The coronary CT angiography procedure takes approximately 1-2h (including logistical organization and patient transportation), and all efforts will be made not to delay the coronary angiography compared to patients who would not participate in the study. At the time of coronary angiography, patients will be blinded from the CT results as well as the direct treating physician and interventional cardiologist realizing the procedure, in order to avoid any influence in patients' management. The procedure will be done using a 256-slice multi-detector CT (GE Healthcare Revolution CT, Chicago, Illinois, USA). Just before the examination, as routinely done for this non-invasive test to allow for optimal coronary vasodilation and visualization, oral Metoprolol (25-50mg) will be administered if necessary to ensure a heart rate of 65 bpm or lower as well as one unique dose of sublingual nitroglycerine (400-800mg). Parameters used for CT acquisition will be as following: 100 Kilovoltage peak (kVp)/550 milliamperes (mA) for body mass index (BMI) <25 (high definition mode), 100 kVp/550 mA for BMI included between 25 and 30, 120 kVp/600 mA for BMI>30 (standard definition mode). Off line, an FFR-CT will be calculated with the data of the coronary CT angiography by blinded investigators in a central FFR-CT core laboratory (HeartFlow ®, Redwood City, CA 94063, USA). Hemodynamically significant lesion will be defined as lesion with an FFR-CT value of ≤ 0.80.

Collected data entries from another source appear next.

(* Let $d\ge2$. There is a constant $C_d>0$ depending only on $d$ such that for all finite sets $X,Y\subset\mathbb{Z}^d$, $$\#(X\setminus Y)\le|\zeta(X)\setminus\zeta(Y)|+C_dP(Y),\qquad\text{and hence}\qquad \#(X\,\Delta\,Y)\le|\zeta(X)\,\Delta\,\zeta(Y)|+C_d\big(P(X)+P(Y)\big).$$
   Context: For $X\subset\mathbb{Z}^d$ and $p\in X$, $\mathrm{val}(p)=\#\{q\in\mathbb{Z}^d\setminus X:|p-q|=1\}$ and $P(X)=\sum_{p\in X}\mathrm{val}(p)$. Kuhn decomposition: for a permutation $\pi$ of $\{1,\dots,d\}$, $T_\pi=\{x\in\mathbb{R}^d:0\le x_{\pi(d)}\le\dots\le x_{\pi(1)}\le1\}$, $\mathcal{T}=\{z+T_\pi:z\in\mathbb{Z}^d,\pi\}$, $\mathcal T(i)=\{T\in\mathcal T:i\in T\}$, and $\zeta(X)=\bigcup_{i\in X}\bigcup_{T\in\mathcal T(i)}T$. $|\cdot|$ is Lebesgue measure, $\#$ cardinality, $\Delta$ symmetric difference. *)

theory Defs
  imports "HOL-Analysis.Analysis"
begin

text \<open>Points of Z^d are vectors int^'n; d = CARD('n). Embedding into R^d.\<close>
definition of_intvec :: "int^'n \<Rightarrow> real^'n" where
  "of_intvec z = (\<chi> i. real_of_int (z $ i))"

definition lattice_val :: "(int^'n) set \<Rightarrow> int^'n \<Rightarrow> nat" where
  "lattice_val X p = card {q. q \<notin> X \<and> norm (of_intvec p - of_intvec q) = 1}"

definition lattice_perimeter :: "(int^'n) set \<Rightarrow> nat" where
  "lattice_perimeter X = (\<Sum>p\<in>X. lattice_val X p)"

text \<open>Kuhn simplex for a permutation, encoded as a bijection sigma from {0..<d} onto the
  index type: sigma i plays the role of pi(i+1). T = {x. 0 <= x_(pi d) <= ... <= x_(pi 1) <= 1}.\<close>
definition kuhn_simplex :: "(nat \<Rightarrow> 'n::finite) \<Rightarrow> (real^'n) set" where
  "kuhn_simplex \<sigma> = {x. 0 \<le> x $ (\<sigma> (CARD('n) - 1)) \<and> x $ (\<sigma> 0) \<le> 1 \<and>
      (\<forall>i. Suc i < CARD('n) \<longrightarrow> x $ (\<sigma> (Suc i)) \<le> x $ (\<sigma> i))}"

definition kuhn_tiles :: "(real^'n::finite) set set" where
  "kuhn_tiles = {(\<lambda>x. of_intvec z + x) ` kuhn_simplex \<sigma> | z \<sigma>.
      bij_betw \<sigma> {..<CARD('n)} (UNIV :: 'n set)}"

definition kuhn_tiles_at :: "int^'n::finite \<Rightarrow> (real^'n) set set" where
  "kuhn_tiles_at i = {T \<in> kuhn_tiles. of_intvec i \<in> T}"

definition zeta :: "(int^'n::finite) set \<Rightarrow> (real^'n) set" where
  "zeta X = (\<Union>i\<in>X. \<Union>(kuhn_tiles_at i))"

During the invasive coronary angiography, fractional flow reserve (FFR) will be measured in all lesions with a visual diameter stenosis ≥30% using the PressureWire™ X Guidewire (Abbott, Chicago, Illinois, USA) with the following protocol: first, equalization of the pressure wire and the aortic pressure will be performed at the tip of the guide catheter prior to all measurements. Second, the pressure wire will then be advanced distal to the stenosis. Third, hyperemia will be obtained using intracoronary adenosine (150mcg for the right coronary artery and 200mcg for the left descending or the circumflex coronary arteries). Fourth, at the end of the procedure, the absence of a drift will be confirmed after a pull-back of the pressure to the same location as the initial equalization. Hemodynamically significant lesion will be defined as lesion with an FFR value of ≤ 0.80.

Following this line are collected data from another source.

lemma mult_herm_form_Pplus:
  assumes "m \<ge> 1" and "\<forall>i\<in>{1..m}. x i \<in> Pplus" and "\<forall>i\<in>{1..m}. y i \<in> Pplus"
    and "is_solution m J \<zeta> f x" and "is_solution m J \<zeta> f y"
  shows "(\<lambda>z. f z * herm_form m J x y z) \<in> Pplus"
proof -
  define B where "B = (\<lambda>z. (\<Sum>k=1..m-1. \<zeta> k z * x k z) + f z * tilde (x m) z)"
  define A where "A = (\<lambda>k z. \<zeta> k z * y m z - of_int (J k) * f z * tilde (y k) z)"
  have "B \<in> Pplus" and "\<forall>k\<in>{1..m-1}. A k \<in> Pplus" and "y m \<in> Pplus"
    using assms by (auto simp: is_solution_def A_def B_def)
  then have "(\<lambda>z. y m z * B z - (\<Sum>k=1..m-1. x k z * A k z)) \<in> Pplus"
    using assms(2) by (intro Pplus_diff Pplus_mult Pplus_sum) auto
  moreover have "f z * herm_form m J x y z = y m z * B z - (\<Sum>k=1..m-1. x k z * A k z)" for z
  proof -
    have "(\<Sum>k=1..m-1. x k z * A k z) = y m z * (\<Sum>k=1..m-1. \<zeta> k z * x k z)
        - f z * (\<Sum>k=1..m-1. of_int (J k) * x k z * tilde (y k) z)"
      by (simp add: A_def sum_distrib_left sum_subtractf[symmetric] algebra_simps)
    then show ?thesis
      by (simp add: herm_form_def B_def algebra_simps)
  qed
  ultimately show ?thesis by simp
qed

lemma herm_form_Pplus:
  assumes "m \<ge> 1" and "poly_at_zero_nonzero f"
    and "\<forall>i\<in>{1..m}. x i \<in> Pplus" and "\<forall>i\<in>{1..m}. y i \<in> Pplus"
    and "is_solution m J \<zeta> f x" and "is_solution m J \<zeta> f y"
  shows "herm_form m J x y \<in> Pplus"
proof (rule Pplus_if_mult_Pplus)
  show "laurent_on_circle (herm_form m J x y)"
    using assms(1,3,4) by (rule laurent_on_circle_herm_form)
  show "(\<lambda>z. f z * herm_form m J x y z) \<in> Pplus"
    using assms(1,3-6) by (rule mult_herm_form_Pplus)
qed fact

Of note, in case of coronary angiography showing no obstructive coronary disease, and thus not offering satisfactory explanation for the myocardial injury, patients will undergo cardiac magnetic resonance imaging (CMRI), to detect a potential alternative diagnosis (myocarditis, Takotsubo…).

Both invasive FFR and FFR derived from FFR-CT will be compared with invasive FFR as gold standard.

Follow-up:

Follow-up will be organized 1 month (± 7 days), 6 months (± 14 days) and 12 months (± 14 days) after the acute coronary syndrome. These visits will include a detailed history, as well as physical examination and ECG. During the second visit, a transthoracic echocardiography will be performed, and a treadmill exercise stress test will be performed during the third visit.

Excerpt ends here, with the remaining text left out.